text \<open>Nakayama's lemma for the \<open>A\<^sub>P\<close>-module \<open>Z\<^sub>P / Z'\<^sub>P\<close>. Finite generation enters through
  an \<open>r \<in> Z - Z'\<close> for which \<open>(Z' + r A)\<^sub>P\<close> is maximal.\<close>
lemma nakayama_saturated:
  assumes N: "noetherian_ring TYPE('a::comm_ring_1)" and P: "is_prime_ideal (P :: 'a set)"
    and QP: "Q \<subseteq> P" and y: "y \<in> P" "y \<notin> Q"
    and Z: "is_ideal Z" "saturated Q Z" and Z': "is_ideal Z'" "saturated Q Z'" "Z' \<subseteq> Z"
    and H: "Z \<subseteq> saturation P (ideal_sum (principal_ideal y) Z')"
  shows "Z \<subseteq> Z'"
proof (rule ccontr)
  let ?S = "\<lambda>r. saturation P (ideal_sum Z' (principal_ideal r))"
  let ?D = "{?S r | r. r \<in> Z \<and> r \<notin> Z'}"
  assume "\<not> Z \<subseteq> Z'"
  then have "?D \<noteq> {}" by blast
  moreover have "\<And>K. K \<in> ?D \<Longrightarrow> is_ideal K"
    using is_ideal_saturation[OF P is_ideal_ideal_sum[OF Z'(1) is_ideal_principal_ideal]] by blast
  ultimately obtain r where r: "r \<in> Z" "r \<notin> Z'" and max: "\<forall>K\<in>?D. ?S r \<subseteq> K \<longrightarrow> K = ?S r"
    using noetherian_ring_has_maximal[OF N, of ?D] by blast
  obtain a s where a: "a \<in> Z" "a \<notin> Z'" and s: "s \<notin> P" "s * r - y * a \<in> Z'"
    using exists_cross_multiple[OF Z Z' QP y(2) H r] by blast
  have "s * r \<in> ideal_sum Z' (principal_ideal a)"
    using s(2) unfolding in_ideal_sum_principal_iff
    by (intro bexI[of _ "s * r - y * a"] exI[of _ y]) (simp_all add: mult.commute)
  then have "s * r \<in> ?S a"
    using subset_saturation[OF P] by blast
  then have "r \<in> ?S a"
    by (rule saturatedD[OF saturated_saturation[OF P] s(1)])
  have Sa: "is_ideal (?S a)"
    by (rule is_ideal_saturation[OF P is_ideal_ideal_sum[OF Z'(1) is_ideal_principal_ideal]])
  have "Z' \<subseteq> ?S a"
    using ideal_sum_subset_left[OF is_ideal_principal_ideal] subset_saturation[OF P] by blast
  then have "?S r \<subseteq> ?S a"
    using principal_ideal_subset[OF Sa \<open>r \<in> ?S a\<close>]
    by (intro saturation_least[OF saturated_saturation[OF P]] ideal_sum_least[OF Sa])
  then have "?S a = ?S r"
    using max a by blast
  then have "a \<in> ?S r"
    using subset_saturation[OF P] mem_ideal_sum_principal[OF Z'(1)] by blast
  then obtain u j t where u: "u \<notin> P" "j \<in> Z'" "u * a = j + r * t"
    unfolding in_saturation_iff in_ideal_sum_principal_iff by blast
  then have "u * a - t * r \<in> Z'"
    by (simp add: mult.commute)
  have "r \<in> Z'"
    using saturated_mem_if_cross_multiples[OF P Z'(1,2) QP y(1) s(1) u(1) s(2)]
      \<open>u * a - t * r \<in> Z'\<close> by blast
  with r(2) show False ..
qed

■ ASSIGNED TASK ■
Every line of the material above must be set down again exactly.

■ TASK OUTPUT ■
text \<open>Nakayama's lemma for the \<open>A\<^sub>P\<close>-module \<open>Z\<^sub>P / Z'\<^sub>P\<close>. Finite generation enters through
  an \<open>r \<in> Z - Z'\<close> for which \<open>(Z' + r A)\<^sub>P\<close> is maximal.\<close>
lemma nakayama_saturated:
  assumes N: "noetherian_ring TYPE('a::comm_ring_1)" and P: "is_prime_ideal (P :: 'a set)"
    and QP: "Q \<subseteq> P" and y: "y \<in> P" "y \<notin> Q"
    and Z: "is_ideal Z" "saturated Q Z" and Z': "is_ideal Z'" "saturated Q Z'" "Z' \<subseteq> Z"
    and H: "Z \<subseteq> saturation P (ideal_sum (principal_ideal y) Z')"
  shows "Z \<subseteq> Z'"
proof (rule ccontr)
  let ?S = "\<lambda>r. saturation P (ideal_sum Z' (principal_ideal r))"
  let ?D = "{?S r | r. r \<in> Z \<and> r \<notin> Z'}"
  assume "\<not> Z \<subseteq> Z'"
  then have "?D \<noteq> {}" by blast
  moreover have "\<And>K. K \<in> ?D \<Longrightarrow> is_ideal K"
    using is_ideal_saturation[OF P is_ideal_ideal_sum[OF Z'(1) is_ideal_principal_ideal]] by blast
  ultimately obtain r where r: "r \<in> Z" "r \<notin> Z'" and max: "\<forall>K\<in>?D. ?S r \<subseteq> K \<longrightarrow> K = ?S r"
    using noetherian_ring_has_maximal[OF N, of ?D] by blast
  obtain a s where a: "a \<in> Z" "a \<notin> Z'" and s: "s \<notin> P" "s * r - y * a \<in> Z'"
    using exists_cross_multiple[OF Z Z' QP y(2) H r] by blast
  have "s * r \<in> ideal_sum Z' (principal_ideal a)"
    using s(2) unfolding in_ideal_sum_principal_iff
    by (intro bexI[of _ "s * r - y * a"] exI[of _ y]) (simp_all add: mult.commute)
  then have "s * r \<in> ?S a"
    using subset_saturation[OF P] by blast
  then have "r \<in> ?S a"
    by (rule saturatedD[OF saturated_saturation[OF P] s(1)])
  have Sa: "is_ideal (?S a)"
    by (rule is_ideal_saturation[OF P is_ideal_ideal_sum[OF Z'(1) is_ideal_principal_ideal]])
  have "Z' \<subseteq> ?S a"
    using ideal_sum_subset_left[OF is_ideal_principal_ideal] subset_saturation[OF P] by blast
  then have "?S r \<subseteq> ?S a"
    using principal_ideal_subset[OF Sa \<open>r \<in> ?S a\<close>]
    by (intro saturation_least[OF saturated_saturation[OF P]] ideal_sum_least[OF Sa])
  then have "?S a = ?S r"
    using max a by blast
  then have "a \<in> ?S r"
    using subset_saturation[OF P] mem_ideal_sum_principal[OF Z'(1)] by blast
  then obtain u j t where u: "u \<notin> P" "j \<in> Z'" "u * a = j + r * t"
    unfolding in_saturation_iff in_ideal_sum_principal_iff by blast
  then have "u * a - t * r \<in> Z'"
    by (simp add: mult.commute)
  have "r \<in> Z'"
    using saturated_mem_if_cross_multiples[OF P Z'(1,2) QP y(1) s(1) u(1) s(2)]
      \<open>u * a - t * r \<in> Z'\<close> by blast
  with r(2) show False ..
qed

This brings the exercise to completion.